Stored items

- - - - -

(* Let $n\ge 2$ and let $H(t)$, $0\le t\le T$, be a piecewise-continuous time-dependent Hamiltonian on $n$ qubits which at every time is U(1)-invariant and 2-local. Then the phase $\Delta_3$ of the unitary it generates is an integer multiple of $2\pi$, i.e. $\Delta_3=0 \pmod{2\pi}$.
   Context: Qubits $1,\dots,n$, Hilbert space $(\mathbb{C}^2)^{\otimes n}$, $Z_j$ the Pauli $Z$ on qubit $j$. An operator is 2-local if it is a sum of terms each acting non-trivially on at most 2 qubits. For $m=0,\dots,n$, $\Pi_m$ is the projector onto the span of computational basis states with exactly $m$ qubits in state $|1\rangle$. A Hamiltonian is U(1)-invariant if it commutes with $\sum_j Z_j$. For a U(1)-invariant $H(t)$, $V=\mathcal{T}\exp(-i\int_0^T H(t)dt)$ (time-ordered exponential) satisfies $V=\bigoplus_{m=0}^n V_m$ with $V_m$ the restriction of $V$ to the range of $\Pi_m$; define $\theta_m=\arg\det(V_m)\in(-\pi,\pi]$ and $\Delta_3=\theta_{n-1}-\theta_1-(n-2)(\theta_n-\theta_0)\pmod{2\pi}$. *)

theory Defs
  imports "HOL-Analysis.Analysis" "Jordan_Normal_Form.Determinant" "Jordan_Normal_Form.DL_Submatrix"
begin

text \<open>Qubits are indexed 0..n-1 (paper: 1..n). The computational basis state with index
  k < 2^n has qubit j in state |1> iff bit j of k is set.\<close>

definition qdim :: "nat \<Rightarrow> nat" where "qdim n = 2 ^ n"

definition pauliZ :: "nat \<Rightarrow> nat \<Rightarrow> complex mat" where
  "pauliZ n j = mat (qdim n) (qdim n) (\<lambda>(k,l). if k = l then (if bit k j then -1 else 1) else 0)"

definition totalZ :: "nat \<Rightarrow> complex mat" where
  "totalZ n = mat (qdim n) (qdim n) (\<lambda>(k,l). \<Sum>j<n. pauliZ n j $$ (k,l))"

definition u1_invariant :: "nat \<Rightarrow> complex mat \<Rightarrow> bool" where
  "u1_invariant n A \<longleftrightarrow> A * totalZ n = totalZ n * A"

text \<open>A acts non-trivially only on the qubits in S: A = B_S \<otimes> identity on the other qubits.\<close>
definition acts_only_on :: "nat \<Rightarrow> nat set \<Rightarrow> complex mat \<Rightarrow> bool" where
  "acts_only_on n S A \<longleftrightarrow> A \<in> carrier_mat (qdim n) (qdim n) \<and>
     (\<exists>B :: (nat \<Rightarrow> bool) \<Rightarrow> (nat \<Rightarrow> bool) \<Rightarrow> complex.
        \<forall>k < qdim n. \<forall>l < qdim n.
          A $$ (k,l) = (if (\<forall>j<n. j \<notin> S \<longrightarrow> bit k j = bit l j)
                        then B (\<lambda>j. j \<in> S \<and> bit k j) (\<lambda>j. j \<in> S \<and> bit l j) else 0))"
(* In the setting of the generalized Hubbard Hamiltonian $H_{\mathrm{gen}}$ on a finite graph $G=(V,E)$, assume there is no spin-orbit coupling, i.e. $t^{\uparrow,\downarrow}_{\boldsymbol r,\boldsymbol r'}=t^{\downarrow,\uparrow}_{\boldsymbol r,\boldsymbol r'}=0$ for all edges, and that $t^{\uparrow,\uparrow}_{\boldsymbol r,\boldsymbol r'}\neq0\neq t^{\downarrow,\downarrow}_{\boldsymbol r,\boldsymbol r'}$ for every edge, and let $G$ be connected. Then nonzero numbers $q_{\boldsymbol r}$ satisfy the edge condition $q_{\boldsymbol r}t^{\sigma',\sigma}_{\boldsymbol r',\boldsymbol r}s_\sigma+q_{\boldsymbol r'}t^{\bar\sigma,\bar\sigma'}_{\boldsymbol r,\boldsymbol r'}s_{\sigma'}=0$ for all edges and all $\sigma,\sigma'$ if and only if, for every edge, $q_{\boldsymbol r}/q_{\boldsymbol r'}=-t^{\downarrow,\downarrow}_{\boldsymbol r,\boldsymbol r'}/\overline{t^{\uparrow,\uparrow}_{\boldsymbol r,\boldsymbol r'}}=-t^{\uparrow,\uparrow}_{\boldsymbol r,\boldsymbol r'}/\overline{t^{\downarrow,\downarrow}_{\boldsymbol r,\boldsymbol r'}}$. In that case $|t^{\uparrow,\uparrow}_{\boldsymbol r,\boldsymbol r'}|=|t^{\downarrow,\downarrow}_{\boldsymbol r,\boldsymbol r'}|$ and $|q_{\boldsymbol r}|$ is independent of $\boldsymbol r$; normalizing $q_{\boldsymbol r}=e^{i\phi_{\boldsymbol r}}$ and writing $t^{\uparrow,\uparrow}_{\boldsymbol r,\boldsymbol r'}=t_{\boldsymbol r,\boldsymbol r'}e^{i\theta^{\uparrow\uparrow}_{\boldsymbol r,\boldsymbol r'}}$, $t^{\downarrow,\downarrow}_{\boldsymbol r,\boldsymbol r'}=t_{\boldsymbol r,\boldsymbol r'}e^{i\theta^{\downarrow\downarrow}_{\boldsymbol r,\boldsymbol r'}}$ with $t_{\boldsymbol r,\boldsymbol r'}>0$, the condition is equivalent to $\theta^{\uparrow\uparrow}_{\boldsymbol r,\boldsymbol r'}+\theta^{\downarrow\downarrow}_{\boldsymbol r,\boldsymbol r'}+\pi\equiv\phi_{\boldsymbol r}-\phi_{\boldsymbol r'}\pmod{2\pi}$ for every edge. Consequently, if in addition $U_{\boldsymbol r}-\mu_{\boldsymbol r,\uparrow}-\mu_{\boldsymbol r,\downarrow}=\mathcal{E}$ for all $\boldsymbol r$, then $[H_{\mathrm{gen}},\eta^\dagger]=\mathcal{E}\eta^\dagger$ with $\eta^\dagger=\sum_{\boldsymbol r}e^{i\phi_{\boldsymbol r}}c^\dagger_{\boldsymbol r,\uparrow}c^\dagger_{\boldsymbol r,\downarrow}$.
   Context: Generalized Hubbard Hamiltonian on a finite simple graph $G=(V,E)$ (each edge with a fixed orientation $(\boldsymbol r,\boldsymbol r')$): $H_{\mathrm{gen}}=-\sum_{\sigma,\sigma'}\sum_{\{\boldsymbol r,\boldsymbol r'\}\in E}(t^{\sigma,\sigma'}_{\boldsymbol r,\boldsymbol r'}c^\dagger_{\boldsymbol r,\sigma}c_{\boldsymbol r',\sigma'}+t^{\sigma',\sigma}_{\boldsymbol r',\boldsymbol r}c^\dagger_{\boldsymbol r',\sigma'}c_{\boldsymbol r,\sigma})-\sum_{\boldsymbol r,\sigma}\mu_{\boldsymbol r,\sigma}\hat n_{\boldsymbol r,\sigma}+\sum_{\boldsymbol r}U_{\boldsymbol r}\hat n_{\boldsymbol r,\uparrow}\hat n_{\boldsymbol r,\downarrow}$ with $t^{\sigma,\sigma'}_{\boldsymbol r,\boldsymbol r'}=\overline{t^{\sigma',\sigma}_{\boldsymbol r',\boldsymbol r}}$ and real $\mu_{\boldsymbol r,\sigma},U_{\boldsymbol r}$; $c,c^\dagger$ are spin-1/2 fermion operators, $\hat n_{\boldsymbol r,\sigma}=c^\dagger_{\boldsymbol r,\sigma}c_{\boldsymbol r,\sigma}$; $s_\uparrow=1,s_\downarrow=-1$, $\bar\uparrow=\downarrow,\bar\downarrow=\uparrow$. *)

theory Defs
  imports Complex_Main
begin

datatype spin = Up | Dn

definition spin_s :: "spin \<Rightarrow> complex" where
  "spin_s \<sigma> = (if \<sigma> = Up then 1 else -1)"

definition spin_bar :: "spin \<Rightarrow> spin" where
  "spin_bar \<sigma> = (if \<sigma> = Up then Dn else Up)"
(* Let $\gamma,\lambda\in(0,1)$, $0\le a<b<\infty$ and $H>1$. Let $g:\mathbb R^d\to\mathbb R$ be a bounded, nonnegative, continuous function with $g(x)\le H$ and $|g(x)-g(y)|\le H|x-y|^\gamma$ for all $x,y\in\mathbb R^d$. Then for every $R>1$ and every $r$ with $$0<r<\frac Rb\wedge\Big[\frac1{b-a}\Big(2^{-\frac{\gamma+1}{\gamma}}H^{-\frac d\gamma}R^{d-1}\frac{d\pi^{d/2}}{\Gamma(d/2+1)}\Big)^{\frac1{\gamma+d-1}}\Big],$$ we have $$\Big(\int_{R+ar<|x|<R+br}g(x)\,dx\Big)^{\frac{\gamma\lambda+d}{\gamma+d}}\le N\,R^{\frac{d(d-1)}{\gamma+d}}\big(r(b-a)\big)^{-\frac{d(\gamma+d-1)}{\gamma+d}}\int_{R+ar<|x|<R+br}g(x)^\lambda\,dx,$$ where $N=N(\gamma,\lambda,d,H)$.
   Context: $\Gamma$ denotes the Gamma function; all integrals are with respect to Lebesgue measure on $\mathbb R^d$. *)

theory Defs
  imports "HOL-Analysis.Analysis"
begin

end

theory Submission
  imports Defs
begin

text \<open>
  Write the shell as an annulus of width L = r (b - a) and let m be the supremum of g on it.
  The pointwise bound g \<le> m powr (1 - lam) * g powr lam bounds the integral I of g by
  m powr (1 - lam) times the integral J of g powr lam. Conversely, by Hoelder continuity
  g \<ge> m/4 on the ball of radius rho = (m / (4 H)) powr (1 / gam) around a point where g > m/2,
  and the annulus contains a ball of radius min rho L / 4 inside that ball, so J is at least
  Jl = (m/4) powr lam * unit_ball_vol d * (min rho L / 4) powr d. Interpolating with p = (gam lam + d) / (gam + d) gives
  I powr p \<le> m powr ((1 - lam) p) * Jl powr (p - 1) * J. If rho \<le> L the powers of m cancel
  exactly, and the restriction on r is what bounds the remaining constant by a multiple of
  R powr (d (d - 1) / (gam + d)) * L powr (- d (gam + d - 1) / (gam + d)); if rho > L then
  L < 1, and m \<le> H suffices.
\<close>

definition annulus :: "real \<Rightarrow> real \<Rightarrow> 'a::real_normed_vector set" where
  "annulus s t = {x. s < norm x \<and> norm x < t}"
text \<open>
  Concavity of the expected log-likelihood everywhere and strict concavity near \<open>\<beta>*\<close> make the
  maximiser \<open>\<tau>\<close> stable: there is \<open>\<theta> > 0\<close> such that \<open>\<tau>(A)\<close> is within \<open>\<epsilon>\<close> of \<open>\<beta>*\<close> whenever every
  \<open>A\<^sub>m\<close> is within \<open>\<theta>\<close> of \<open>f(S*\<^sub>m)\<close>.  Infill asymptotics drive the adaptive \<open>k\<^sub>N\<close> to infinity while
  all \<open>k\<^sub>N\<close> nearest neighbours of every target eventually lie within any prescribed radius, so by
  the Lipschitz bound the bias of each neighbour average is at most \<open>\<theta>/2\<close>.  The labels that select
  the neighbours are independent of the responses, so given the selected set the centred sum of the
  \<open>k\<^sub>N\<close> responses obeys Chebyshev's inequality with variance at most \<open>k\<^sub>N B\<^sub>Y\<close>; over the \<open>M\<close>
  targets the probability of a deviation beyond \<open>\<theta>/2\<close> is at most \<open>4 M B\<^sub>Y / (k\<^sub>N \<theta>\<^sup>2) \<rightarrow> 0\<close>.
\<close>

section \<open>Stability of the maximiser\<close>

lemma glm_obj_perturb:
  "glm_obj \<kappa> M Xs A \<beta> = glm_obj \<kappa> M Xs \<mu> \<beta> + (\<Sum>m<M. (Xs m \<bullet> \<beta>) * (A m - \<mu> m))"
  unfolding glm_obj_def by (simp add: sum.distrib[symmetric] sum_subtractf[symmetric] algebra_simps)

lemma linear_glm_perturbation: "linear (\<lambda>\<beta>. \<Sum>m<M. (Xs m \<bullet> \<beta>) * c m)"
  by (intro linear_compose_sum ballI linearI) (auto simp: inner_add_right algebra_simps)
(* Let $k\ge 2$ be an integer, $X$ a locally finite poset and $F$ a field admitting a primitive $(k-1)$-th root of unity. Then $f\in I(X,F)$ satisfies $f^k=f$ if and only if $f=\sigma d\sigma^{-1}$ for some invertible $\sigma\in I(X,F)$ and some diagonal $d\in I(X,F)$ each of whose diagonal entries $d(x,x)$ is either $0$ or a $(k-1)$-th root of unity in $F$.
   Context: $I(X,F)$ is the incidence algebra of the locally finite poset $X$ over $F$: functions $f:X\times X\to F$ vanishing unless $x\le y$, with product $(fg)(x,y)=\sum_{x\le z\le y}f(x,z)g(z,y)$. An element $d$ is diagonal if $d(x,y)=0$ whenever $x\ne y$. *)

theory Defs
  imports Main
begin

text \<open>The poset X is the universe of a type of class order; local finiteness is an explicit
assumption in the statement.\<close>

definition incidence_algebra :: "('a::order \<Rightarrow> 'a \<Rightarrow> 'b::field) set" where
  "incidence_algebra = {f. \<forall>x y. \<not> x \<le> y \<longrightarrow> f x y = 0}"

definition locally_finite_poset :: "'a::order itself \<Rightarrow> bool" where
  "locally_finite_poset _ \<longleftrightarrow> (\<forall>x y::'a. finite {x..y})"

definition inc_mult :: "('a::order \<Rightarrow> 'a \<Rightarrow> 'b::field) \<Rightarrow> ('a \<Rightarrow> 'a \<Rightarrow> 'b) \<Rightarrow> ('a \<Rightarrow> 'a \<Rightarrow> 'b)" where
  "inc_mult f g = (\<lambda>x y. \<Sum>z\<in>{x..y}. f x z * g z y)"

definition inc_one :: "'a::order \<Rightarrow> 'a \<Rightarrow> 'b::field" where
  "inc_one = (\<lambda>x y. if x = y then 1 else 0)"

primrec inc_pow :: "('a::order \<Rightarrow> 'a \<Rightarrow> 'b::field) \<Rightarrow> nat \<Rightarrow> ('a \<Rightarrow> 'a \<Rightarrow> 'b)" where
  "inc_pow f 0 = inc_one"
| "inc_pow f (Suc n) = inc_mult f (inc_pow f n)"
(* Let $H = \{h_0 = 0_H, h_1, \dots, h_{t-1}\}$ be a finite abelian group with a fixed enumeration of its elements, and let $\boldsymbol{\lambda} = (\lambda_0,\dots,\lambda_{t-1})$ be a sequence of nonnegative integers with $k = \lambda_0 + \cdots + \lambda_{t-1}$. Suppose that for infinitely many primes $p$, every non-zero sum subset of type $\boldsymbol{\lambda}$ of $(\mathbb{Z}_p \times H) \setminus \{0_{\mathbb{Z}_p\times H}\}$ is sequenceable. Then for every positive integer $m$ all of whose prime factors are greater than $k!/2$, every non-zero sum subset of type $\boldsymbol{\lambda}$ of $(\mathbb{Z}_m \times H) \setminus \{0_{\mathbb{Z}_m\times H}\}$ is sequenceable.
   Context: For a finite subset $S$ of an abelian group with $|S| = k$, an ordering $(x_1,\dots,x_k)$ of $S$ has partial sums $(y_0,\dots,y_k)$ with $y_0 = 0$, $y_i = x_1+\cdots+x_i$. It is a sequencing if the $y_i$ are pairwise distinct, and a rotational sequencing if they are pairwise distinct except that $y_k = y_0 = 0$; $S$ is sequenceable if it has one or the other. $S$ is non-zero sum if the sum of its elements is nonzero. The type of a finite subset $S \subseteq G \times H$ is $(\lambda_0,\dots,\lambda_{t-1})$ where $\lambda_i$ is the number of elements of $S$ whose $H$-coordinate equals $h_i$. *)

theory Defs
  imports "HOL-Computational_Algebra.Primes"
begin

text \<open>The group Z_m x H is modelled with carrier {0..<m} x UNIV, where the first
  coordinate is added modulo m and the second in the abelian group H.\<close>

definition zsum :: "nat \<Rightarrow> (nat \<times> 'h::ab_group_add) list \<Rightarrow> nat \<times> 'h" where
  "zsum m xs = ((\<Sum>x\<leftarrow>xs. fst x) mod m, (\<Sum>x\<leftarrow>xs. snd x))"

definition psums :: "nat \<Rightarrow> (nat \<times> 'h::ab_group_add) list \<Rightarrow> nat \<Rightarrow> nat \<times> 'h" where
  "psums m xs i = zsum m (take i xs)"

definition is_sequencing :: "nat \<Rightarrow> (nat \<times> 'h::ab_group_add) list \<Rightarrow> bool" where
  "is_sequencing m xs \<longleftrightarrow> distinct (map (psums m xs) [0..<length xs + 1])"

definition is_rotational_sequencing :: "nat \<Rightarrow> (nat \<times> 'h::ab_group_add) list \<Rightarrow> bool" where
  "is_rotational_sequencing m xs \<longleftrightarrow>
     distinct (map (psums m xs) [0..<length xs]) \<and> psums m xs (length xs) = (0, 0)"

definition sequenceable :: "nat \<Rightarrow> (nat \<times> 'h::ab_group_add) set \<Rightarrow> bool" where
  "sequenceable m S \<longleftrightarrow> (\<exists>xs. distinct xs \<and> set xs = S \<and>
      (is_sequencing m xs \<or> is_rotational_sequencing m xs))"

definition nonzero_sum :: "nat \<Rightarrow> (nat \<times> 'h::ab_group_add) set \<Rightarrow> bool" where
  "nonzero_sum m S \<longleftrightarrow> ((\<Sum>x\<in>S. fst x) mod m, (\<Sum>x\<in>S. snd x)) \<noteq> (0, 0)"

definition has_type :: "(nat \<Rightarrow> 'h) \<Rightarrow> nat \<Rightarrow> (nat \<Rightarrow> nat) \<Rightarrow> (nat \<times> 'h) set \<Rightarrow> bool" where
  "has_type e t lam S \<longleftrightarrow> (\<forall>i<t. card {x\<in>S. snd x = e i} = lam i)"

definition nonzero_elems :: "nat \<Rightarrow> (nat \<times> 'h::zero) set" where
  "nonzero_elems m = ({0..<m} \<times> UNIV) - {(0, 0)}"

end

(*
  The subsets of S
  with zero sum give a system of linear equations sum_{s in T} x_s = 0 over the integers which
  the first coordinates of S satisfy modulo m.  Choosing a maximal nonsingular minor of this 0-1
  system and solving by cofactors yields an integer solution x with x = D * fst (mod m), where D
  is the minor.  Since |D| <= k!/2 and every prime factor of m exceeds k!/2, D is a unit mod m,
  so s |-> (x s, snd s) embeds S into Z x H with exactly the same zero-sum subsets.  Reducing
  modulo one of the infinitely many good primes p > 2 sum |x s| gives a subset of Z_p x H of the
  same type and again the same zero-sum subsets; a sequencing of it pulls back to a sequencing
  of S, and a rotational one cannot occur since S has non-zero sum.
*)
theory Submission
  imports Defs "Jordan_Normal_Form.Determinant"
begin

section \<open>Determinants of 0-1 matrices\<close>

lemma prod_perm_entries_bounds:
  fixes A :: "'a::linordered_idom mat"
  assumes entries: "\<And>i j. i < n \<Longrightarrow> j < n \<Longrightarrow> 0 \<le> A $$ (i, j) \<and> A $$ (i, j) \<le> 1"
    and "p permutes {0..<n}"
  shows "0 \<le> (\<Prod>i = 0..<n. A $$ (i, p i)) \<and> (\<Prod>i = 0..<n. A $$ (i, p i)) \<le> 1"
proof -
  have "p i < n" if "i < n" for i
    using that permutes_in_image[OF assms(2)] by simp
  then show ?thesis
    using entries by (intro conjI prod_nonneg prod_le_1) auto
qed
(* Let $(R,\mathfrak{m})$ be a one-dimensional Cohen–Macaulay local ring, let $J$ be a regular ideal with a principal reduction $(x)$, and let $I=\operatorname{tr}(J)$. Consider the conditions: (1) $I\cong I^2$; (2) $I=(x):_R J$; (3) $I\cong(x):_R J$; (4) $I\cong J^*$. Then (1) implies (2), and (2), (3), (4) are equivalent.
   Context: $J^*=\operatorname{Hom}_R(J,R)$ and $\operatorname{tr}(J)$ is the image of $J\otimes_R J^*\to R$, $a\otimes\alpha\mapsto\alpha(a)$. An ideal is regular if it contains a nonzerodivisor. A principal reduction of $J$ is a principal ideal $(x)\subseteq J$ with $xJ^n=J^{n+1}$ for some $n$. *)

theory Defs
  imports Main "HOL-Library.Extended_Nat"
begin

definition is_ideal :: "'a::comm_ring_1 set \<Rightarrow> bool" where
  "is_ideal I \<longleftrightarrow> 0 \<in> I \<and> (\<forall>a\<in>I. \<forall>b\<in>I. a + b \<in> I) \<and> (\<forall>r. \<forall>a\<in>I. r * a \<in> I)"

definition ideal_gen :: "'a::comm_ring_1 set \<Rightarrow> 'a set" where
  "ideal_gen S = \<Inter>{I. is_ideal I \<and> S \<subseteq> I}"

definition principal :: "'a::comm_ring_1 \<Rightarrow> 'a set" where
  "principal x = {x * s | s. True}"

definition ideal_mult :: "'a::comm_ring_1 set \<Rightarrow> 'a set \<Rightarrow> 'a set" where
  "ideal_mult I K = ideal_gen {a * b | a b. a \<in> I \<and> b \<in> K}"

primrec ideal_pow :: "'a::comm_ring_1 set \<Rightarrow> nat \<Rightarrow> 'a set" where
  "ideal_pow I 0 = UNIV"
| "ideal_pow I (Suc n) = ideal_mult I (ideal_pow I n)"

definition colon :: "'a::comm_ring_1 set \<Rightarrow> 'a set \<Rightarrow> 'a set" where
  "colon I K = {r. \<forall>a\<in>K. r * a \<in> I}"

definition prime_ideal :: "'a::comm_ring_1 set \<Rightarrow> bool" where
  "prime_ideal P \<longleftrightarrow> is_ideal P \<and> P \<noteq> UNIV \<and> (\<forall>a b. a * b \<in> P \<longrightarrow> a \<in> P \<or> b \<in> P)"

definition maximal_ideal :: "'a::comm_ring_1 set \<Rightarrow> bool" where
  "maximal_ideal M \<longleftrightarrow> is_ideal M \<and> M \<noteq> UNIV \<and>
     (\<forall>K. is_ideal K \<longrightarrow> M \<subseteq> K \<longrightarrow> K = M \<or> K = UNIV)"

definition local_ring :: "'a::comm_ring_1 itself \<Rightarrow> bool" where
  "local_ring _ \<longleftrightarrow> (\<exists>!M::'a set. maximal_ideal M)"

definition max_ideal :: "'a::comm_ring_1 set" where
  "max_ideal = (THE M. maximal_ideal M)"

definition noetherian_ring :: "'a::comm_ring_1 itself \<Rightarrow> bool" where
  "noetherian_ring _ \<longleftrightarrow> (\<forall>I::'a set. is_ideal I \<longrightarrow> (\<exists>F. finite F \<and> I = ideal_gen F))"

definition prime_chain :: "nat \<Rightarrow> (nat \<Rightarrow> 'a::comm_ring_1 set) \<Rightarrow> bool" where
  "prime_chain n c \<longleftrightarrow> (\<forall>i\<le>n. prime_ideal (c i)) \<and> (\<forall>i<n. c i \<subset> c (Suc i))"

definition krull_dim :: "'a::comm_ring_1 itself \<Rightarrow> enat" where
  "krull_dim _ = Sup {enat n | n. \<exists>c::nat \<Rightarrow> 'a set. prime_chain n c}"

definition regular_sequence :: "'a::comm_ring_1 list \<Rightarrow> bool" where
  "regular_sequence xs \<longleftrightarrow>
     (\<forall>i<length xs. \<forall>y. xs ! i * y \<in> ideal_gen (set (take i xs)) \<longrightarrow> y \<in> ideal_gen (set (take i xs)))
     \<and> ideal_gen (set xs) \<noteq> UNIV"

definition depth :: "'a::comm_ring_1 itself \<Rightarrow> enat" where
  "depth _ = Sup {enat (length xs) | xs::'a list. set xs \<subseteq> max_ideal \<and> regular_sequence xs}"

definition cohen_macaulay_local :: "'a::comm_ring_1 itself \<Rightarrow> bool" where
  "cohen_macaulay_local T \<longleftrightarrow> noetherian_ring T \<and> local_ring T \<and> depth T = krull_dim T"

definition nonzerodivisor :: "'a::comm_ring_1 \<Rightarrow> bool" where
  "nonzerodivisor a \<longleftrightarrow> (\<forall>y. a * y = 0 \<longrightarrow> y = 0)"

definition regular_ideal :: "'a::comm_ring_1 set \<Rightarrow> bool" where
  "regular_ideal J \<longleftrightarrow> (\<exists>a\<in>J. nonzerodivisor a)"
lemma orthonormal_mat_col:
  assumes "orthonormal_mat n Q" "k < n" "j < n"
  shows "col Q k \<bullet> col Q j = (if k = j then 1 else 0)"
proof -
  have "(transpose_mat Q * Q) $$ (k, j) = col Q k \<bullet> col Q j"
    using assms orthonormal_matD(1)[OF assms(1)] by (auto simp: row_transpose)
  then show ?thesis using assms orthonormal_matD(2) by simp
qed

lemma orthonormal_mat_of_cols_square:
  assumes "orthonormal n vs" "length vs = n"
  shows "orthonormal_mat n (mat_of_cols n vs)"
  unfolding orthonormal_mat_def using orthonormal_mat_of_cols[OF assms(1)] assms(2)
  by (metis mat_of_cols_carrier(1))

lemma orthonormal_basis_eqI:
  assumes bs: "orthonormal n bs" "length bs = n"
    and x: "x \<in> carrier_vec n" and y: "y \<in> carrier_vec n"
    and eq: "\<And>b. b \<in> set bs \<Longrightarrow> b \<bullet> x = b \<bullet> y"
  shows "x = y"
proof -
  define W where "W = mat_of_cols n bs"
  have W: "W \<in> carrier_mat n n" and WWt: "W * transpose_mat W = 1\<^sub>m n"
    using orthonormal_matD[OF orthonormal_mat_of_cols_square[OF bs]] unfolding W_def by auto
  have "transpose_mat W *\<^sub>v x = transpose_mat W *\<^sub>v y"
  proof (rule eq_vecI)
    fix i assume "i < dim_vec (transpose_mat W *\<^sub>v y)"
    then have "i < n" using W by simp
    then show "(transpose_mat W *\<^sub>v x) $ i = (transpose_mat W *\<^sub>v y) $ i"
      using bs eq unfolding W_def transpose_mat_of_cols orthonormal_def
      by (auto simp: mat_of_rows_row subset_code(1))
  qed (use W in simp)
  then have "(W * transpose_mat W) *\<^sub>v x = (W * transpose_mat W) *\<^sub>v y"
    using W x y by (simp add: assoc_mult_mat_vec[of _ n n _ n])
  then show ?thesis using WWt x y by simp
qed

- - - - -

:: Work task ::
Please give the number of lines above that hold the word "infinitely", and only that number.

:: Task response ::
2